Blank lines and lines starting with # are ignored. After editing pdflinks.txt, regenerate sources.yaml and registry.csv:

uv run python scripts/build_sources_registry.py
uv run python scripts/build_registry.py

Then run batch extraction:

uv run python scripts/extract.py --parallel

Only new (unprocessed) PDFs are extracted — previously processed sources are skipped automatically.

Batch extraction commands

# Sequential batch
uv run python scripts/extract.py

# Parallel batch (4 workers by default)
uv run python scripts/extract.py --parallel

# Parallel batch with custom worker count
uv run python scripts/extract.py --parallel 8

# Force re-extract everything
uv run python scripts/extract.py --force --parallel

# Process only PDFs in a serial range (e.g. 001 through 005)
uv run python scripts/extract.py --range 001-005

# Range + parallel
uv run python scripts/extract.py --range 001-005 --parallel

# Force re-extract a range
uv run python scripts/extract.py --force --range 001-005 --parallel

Note: --range applies only to numbered PDFs. Web URLs in Weblinks.md are excluded when a range is active.

Single source (ad hoc)

# Extract from a local PDF
uv run python scripts/extract.py red_flag_sources/pdf/001_fincen_alert.pdf

# Extract from a URL
uv run python scripts/extract.py https://example.com/regulatory-guidance

# Re-extract a source that was already processed
uv run python scripts/extract.py --force red_flag_sources/pdf/001_fincen_alert.pdf

For single-source PDFs, make sure sources.yaml maps the file's serial prefix to the public URL before extraction so the extractor can populate source_url in the output.

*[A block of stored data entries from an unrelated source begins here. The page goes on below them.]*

lemma sum_rayleigh_num_color_test:
  assumes unif: "\<forall>e\<in>E. card e = c" and col: "\<forall>v\<in>V. \<kappa> v \<in> {1..k}"
  shows "(\<Sum>i\<in>{1..k}. rayleigh_num E (color_test k \<kappa> i))
           = (real k)\<^sup>2 * (\<Sum>e\<in>E. real (\<Sum>i\<in>{1..k}. (card {v\<in>e. \<kappa> v = i})\<^sup>2))
             - real k * (real c)\<^sup>2 * real (card E)"
proof -
  have "(\<Sum>i\<in>{1..k}. rayleigh_num E (color_test k \<kappa> i))
      = (\<Sum>e\<in>E. \<Sum>i\<in>{1..k}. (\<Sum>v\<in>e. color_test k \<kappa> i v)\<^sup>2)"
    unfolding rayleigh_num_def by (rule sum.swap)
  also have "\<dots> = (\<Sum>e\<in>E. (real k)\<^sup>2 * real (\<Sum>i\<in>{1..k}. (card {v\<in>e. \<kappa> v = i})\<^sup>2)
                              - real k * (real c)\<^sup>2)"
  proof (rule sum.cong[OF refl])
    fix e assume "e \<in> E"
    then have "\<forall>v\<in>e. \<kappa> v \<in> {1..k}"
      using col edge_subset by blast
    then have "(\<Sum>i\<in>{1..k}. (\<Sum>v\<in>e. color_test k \<kappa> i v)\<^sup>2)
        = (real k)\<^sup>2 * real (\<Sum>i\<in>{1..k}. (card {v\<in>e. \<kappa> v = i})\<^sup>2) - real k * (real (card e))\<^sup>2"
      by (rule sum_color_test_sq[OF finite_edge[OF \<open>e \<in> E\<close>]])
    then show "(\<Sum>i\<in>{1..k}. (\<Sum>v\<in>e. color_test k \<kappa> i v)\<^sup>2)
        = (real k)\<^sup>2 * real (\<Sum>i\<in>{1..k}. (card {v\<in>e. \<kappa> v = i})\<^sup>2) - real k * (real c)\<^sup>2"
      using unif \<open>e \<in> E\<close> by simp
  qed
  also have "\<dots> = (real k)\<^sup>2 * (\<Sum>e\<in>E. real (\<Sum>i\<in>{1..k}. (card {v\<in>e. \<kappa> v = i})\<^sup>2))
                   - real k * (real c)\<^sup>2 * real (card E)"
    unfolding sum_subtractf by (simp add: sum_distrib_left mult_ac)
  finally show ?thesis .
qed

lemma d_proper_coloring_bound:
  assumes unif: "\<forall>e\<in>E. card e = c" and "V \<noteq> {}" and \<kappa>: "d_proper_coloring d k V E \<kappa>"
  shows "lambda_min V E * (real k - 1) \<le> real k * real d - real c"
    and "lambda_min V E * (real k - 1) = real k * real d - real c \<Longrightarrow> d dvd c"
proof -
  define lam where "lam = lambda_min V E"
  define s where "s e = (\<Sum>i\<in>{1..k}. (card {v\<in>e. \<kappa> v = i})\<^sup>2)" for e
  define S where "S = (\<Sum>e\<in>E. real (s e))"
  define N where "N = real k * real c * real (card E)"
  have colV: "\<forall>v\<in>V. \<kappa> v \<in> {1..k}" and proper: "\<forall>e\<in>E. \<forall>i. card {v\<in>e. \<kappa> v = i} \<le> d"
    using \<kappa> unfolding d_proper_coloring_def by auto
  have cole: "\<forall>v\<in>e. \<kappa> v \<in> {1..k}" if "e \<in> E" for e
    using colV edge_subset[OF that] by auto
  obtain v e where "v \<in> V" "e \<in> E" "v \<in> e"
    using \<open>V \<noteq> {}\<close> vertex_in_edge by blast
  have "k \<ge> 1"
    using colV \<open>v \<in> V\<close> by fastforce
  moreover have "c > 0"
    using finite_edge[OF \<open>e \<in> E\<close>] \<open>v \<in> e\<close> unif \<open>e \<in> E\<close> by (metis card_gt_0_iff empty_iff)
  moreover have "card E > 0"
    using finite_edges \<open>e \<in> E\<close> card_gt_0_iff by blast
  ultimately have "N > 0"
    by (simp add: N_def)
  have s_le: "s e \<le> d * c" if "e \<in> E" for e
    using sum_color_class_sq_le[OF finite_edge[OF that] cole[OF that]] proper unif that
    unfolding s_def by simp
  have "(\<Sum>i\<in>{1..k}. lam * rayleigh_den V E (color_test k \<kappa> i))
      \<le> (\<Sum>i\<in>{1..k}. rayleigh_num E (color_test k \<kappa> i))"
    unfolding lam_def using lambda_min_le_rayleigh[OF \<open>V \<noteq> {}\<close>] by (rule sum_mono)
  then have "lam * (real k * (real k - 1) * real c * real (card E))
      \<le> (real k)\<^sup>2 * S - real k * (real c)\<^sup>2 * real (card E)"
    unfolding sum_distrib_left[symmetric] sum_rayleigh_den_color_test[OF unif colV]
      sum_rayleigh_num_color_test[OF unif colV] S_def s_def .
  moreover have "lam * (real k * (real k - 1) * real c * real (card E)) = N * (lam * (real k - 1))"
    and "real k * (real c)\<^sup>2 * real (card E) = N * real c"
    by (simp_all add: N_def power2_eq_square algebra_simps)
  ultimately have tested: "N * (lam * (real k - 1)) \<le> (real k)\<^sup>2 * S - N * real c"
    by linarith
  have "S \<le> (\<Sum>e\<in>E. real (d * c))"
    unfolding S_def by (intro sum_mono) (metis of_nat_le_iff s_le)
  then have "(real k)\<^sup>2 * S \<le> (real k)\<^sup>2 * (real d * real c * real (card E))"
    by (intro mult_left_mono) (simp_all add: mult_ac)
  also have "\<dots> = N * (real k * real d)"
    by (simp add: N_def power2_eq_square algebra_simps)
  finally have k2S: "(real k)\<^sup>2 * S \<le> N * (real k * real d)" .
  with tested have "N * (lam * (real k - 1)) \<le> N * (real k * real d - real c)"
    by (simp add: right_diff_distrib)
  then show "lambda_min V E * (real k - 1) \<le> real k * real d - real c"
    using \<open>N > 0\<close> unfolding lam_def by (simp add: mult_le_cancel_left_pos)
  show "d dvd c" if eq: "lambda_min V E * (real k - 1) = real k * real d - real c"
  proof -
    have "N * (lam * (real k - 1)) = N * (real k * real d) - N * real c"
      using eq unfolding lam_def[symmetric] by (metis right_diff_distrib)
    then have "N * (real k * real d) \<le> (real k)\<^sup>2 * S"
      using tested by linarith
    with k2S have "(real k)\<^sup>2 * S = N * (real k * real d)"
      by linarith
    also have "\<dots> = (real k)\<^sup>2 * (real d * real c * real (card E))"
      by (simp add: N_def power2_eq_square algebra_simps)
    finally have "(real k)\<^sup>2 * S = (real k)\<^sup>2 * (real d * real c * real (card E))" .
    then have "(\<Sum>e\<in>E. real (s e)) = (\<Sum>e\<in>E. real (d * c))"
      using \<open>k \<ge> 1\<close> unfolding S_def by (simp add: mult_ac)
    then have "real (s e) = real (d * c)"
      by (rule sum_mono_inv[OF _ _ \<open>e \<in> E\<close> finite_edges]) (metis of_nat_le_iff s_le)
    then have "(\<Sum>i\<in>{1..k}. (card {v\<in>e. \<kappa> v = i})\<^sup>2) = d * card e"
      using unif \<open>e \<in> E\<close> unfolding s_def of_nat_eq_iff by simp
    then show ?thesis
      using dvd_card_if_sum_color_class_sq_eq[OF finite_edge[OF \<open>e \<in> E\<close>] cole[OF \<open>e \<in> E\<close>]]
        proper unif \<open>e \<in> E\<close> by simp
  qed
qed

lemma d_proper_coloring_chi_d:
  assumes "d \<ge> 1"
  obtains \<kappa> where "d_proper_coloring d (chi_d d V E) V E \<kappa>"
proof -
  obtain h where h: "bij_betw h V {0..<card V}"
    using ex_bij_betw_finite_nat[OF finite_vertices] by blast
  have "d_proper_coloring d (card V) V E (\<lambda>v. h v + 1)"
    unfolding d_proper_coloring_def
  proof (intro conjI ballI allI)
    fix v assume "v \<in> V"
    then have "h v < card V"
      using bij_betw_apply[OF h] by fastforce
    then show "h v + 1 \<in> {1..card V}"
      by simp
  next
    fix e i assume "e \<in> E"
    then have "inj_on h e"
      using bij_betw_imp_inj_on[OF h] edge_subset inj_on_subset by blast
    then have "card {v\<in>e. h v + 1 = i} \<le> Suc 0"
      using finite_edge[OF \<open>e \<in> E\<close>] by (subst card_le_Suc0_iff_eq) (auto simp: inj_on_def)
    then show "card {v\<in>e. h v + 1 = i} \<le> d"
      using assms by simp
  qed
  then have "\<exists>k \<kappa>. d_proper_coloring d k V E \<kappa>"
    by blast
  then have "\<exists>\<kappa>. d_proper_coloring d (chi_d d V E) V E \<kappa>"
    unfolding chi_d_def by (rule LeastI_ex)
  then show thesis
    using that by blast
qed

end

lemma hypergraph_if_uniform:
  "uniform_hypergraph c V E \<Longrightarrow> no_isolated V E \<Longrightarrow> hypergraph V E"
  unfolding uniform_hypergraph_def by unfold_locales auto

lemma chi_d_lower_bound:
  assumes H: "uniform_hypergraph c V E" "no_isolated V E" "E \<noteq> {}"
    and "c \<ge> 2" "d \<ge> 1"
  shows "lambda_min V E < 1"
    and "(real c - lambda_min V E) / (real d - lambda_min V E) \<le> real (chi_d d V E)"
    and "real (chi_d d V E) = (real c - lambda_min V E) / (real d - lambda_min V E) \<Longrightarrow> d dvd c"
proof -
  interpret hypergraph V E
    using hypergraph_if_uniform[OF H(1,2)] .
  have unif: "\<forall>e\<in>E. card e = c"
    using H(1) unfolding uniform_hypergraph_def by blast
  obtain e where "e \<in> E"
    using H(3) by blast
  then have "V \<noteq> {}"
    using unif \<open>c \<ge> 2\<close> edge_subset by fastforce
  show "lambda_min V E < 1"
    using lambda_min_lt_1[OF \<open>e \<in> E\<close>] unif \<open>e \<in> E\<close> \<open>c \<ge> 2\<close> by simp
  then have "real d - lambda_min V E > 0"
    using \<open>d \<ge> 1\<close> by linarith
  moreover obtain \<kappa> where \<kappa>: "d_proper_coloring d (chi_d d V E) V E \<kappa>"
    using d_proper_coloring_chi_d[OF \<open>d \<ge> 1\<close>] .
  note bound = d_proper_coloring_bound[OF unif \<open>V \<noteq> {}\<close> \<kappa>]
  ultimately show "(real c - lambda_min V E) / (real d - lambda_min V E) \<le> real (chi_d d V E)"
    using bound(1) by (simp add: divide_le_eq algebra_simps)
  show "d dvd c" if "real (chi_d d V E) = (real c - lambda_min V E) / (real d - lambda_min V E)"
    using that \<open>real d - lambda_min V E > 0\<close> bound(2) by (simp add: field_simps)
qed

section \<open>Sharpness\<close>

lemma hypergraph_single_edge: "hypergraph {0..<c} {{0..<c::nat}}"
proof
  show "no_isolated {0..<c} {{0..<c}}"
    unfolding no_isolated_def hdeg_def
  proof
    fix v assume "v \<in> {0..<c}"
    then have "{e\<in>{{0..<c}}. v \<in> e} = {{0..<c}}"
      by auto
    then show "card {e\<in>{{0..<c}}. v \<in> e} \<ge> 1"
      by simp
  qed
qed auto

lemma uniform_single_edge: "uniform_hypergraph c {0..<c} {{0..<c::nat}}"
  unfolding uniform_hypergraph_def by simp

lemma lambda_min_single_edge:
  assumes "c \<ge> 2"
  shows "lambda_min {0..<c} {{0..<c::nat}} = 0"
proof -
  interpret hypergraph "{0..<c}" "{{0..<c::nat}}"
    by (rule hypergraph_single_edge)
  define f :: "nat \<Rightarrow> real" where "f v = (if v = 0 then 1 else 0) - (if v = 1 then 1 else 0)" for v
  have "{0..<c} \<noteq> {}"
    using assms by simp
  have "rayleigh_num {{0..<c}} f = 0"
    using assms by (simp add: rayleigh_num_def f_def sum_subtractf)
  then have "lambda_min {0..<c} {{0..<c}} * rayleigh_den {0..<c} {{0..<c}} f \<le> 0"
    using lambda_min_le_rayleigh[OF \<open>{0..<c} \<noteq> {}\<close>] by metis
  moreover have "rayleigh_den {0..<c} {{0..<c}} f > 0"
    using assms by (intro rayleigh_den_pos[of 0]) (auto simp: f_def)
  ultimately have "lambda_min {0..<c} {{0..<c}} \<le> 0"
    by (simp add: mult_le_0_iff)
  then show ?thesis
    using lambda_min_nonneg[OF \<open>{0..<c} \<noteq> {}\<close>] by simp
qed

If you maintain the legacy pdflinks.txt file, run build_sources_registry.py and then build_registry.py first.

What it does

  1. Fetches the document — downloads the web page (strips nav/footer/scripts) or reads text from the PDF via pdfplumber

  2. Sends to OpenAI — prompts gpt-4o-mini (override with OPENAI_EXTRACTION_MODEL) to extract every distinct AML red flag indicator as structured JSON

  3. Validates — each returned flag is checked against the RedFlagSource schema; invalid entries are skipped with a warning

  4. Writes YAML — saves to data/source/<slug>.yaml, one entry per red flag

  5. Updates the manifest — records the source in data/source/.extracted_sources.yaml to prevent re-processing

  6. Rebuilds the source registry — updates red_flag_sources/registry.csv after successful batch or single-source extraction

Output schema

Each entry in the YAML file has the following fields:

Field

Type

Required

Description

id

string

yes

Unique identifier, e.g. 001-fincen-alert-01

description

string

yes

Standalone description of the red flag indicator

source_url

string

no

Public URL of the source document

product_types

list[string]

no

Financial products this applies to (e.g. depository, crypto, msb)

industry_types

list[string]

no

Customer industries or sectors this applies to (e.g. oil_and_gas, government_benefits)

customer_profiles

list[string]

no

Customer archetypes this applies to (e.g. small_business, charity_or_nonprofit)

geographic_footprints

list[string]

no

Relevant geographies or corridors (e.g. southwest_border, mexico)

regulatory_source

string

no

Source document name or authority (e.g. FinCEN Alert FIN-2022-Alert001)

regulator

string

no

Abbreviated issuing authority (e.g. FinCEN, OFAC, FATF). Populated at extraction; auto-tagged by write-back when absent.

regulator_jurisdiction

string

no

Canonical jurisdiction code deterministically derived from regulator (e.g. US, FR, SG, AU, GB, EU). Not normally extracted by the LLM.

issued_date

string

no

Publication date of the source document (ISO 8601: YYYY-MM-DD, YYYY-MM, or YYYY).

risk_level

string

no

high, medium, or low

category

string

no

AML typology (e.g. structuring, sanctions_evasion, shell_company)

simulation_type

string

no

Optional simulation complexity code (e.g. 1A, 2B)

typology_family

list[string]

no

Higher-level AML typology families (e.g. trade_based_money_laundering, fraud_proceeds)

transaction_patterns

list[string]

no

Observable behavioral patterns (e.g. structuring, trade_document_manipulation)

key_terms

list[string]

no

Short searchable phrases, instruments, thresholds, or acronyms (e.g. TBML, CTR, cashier's check)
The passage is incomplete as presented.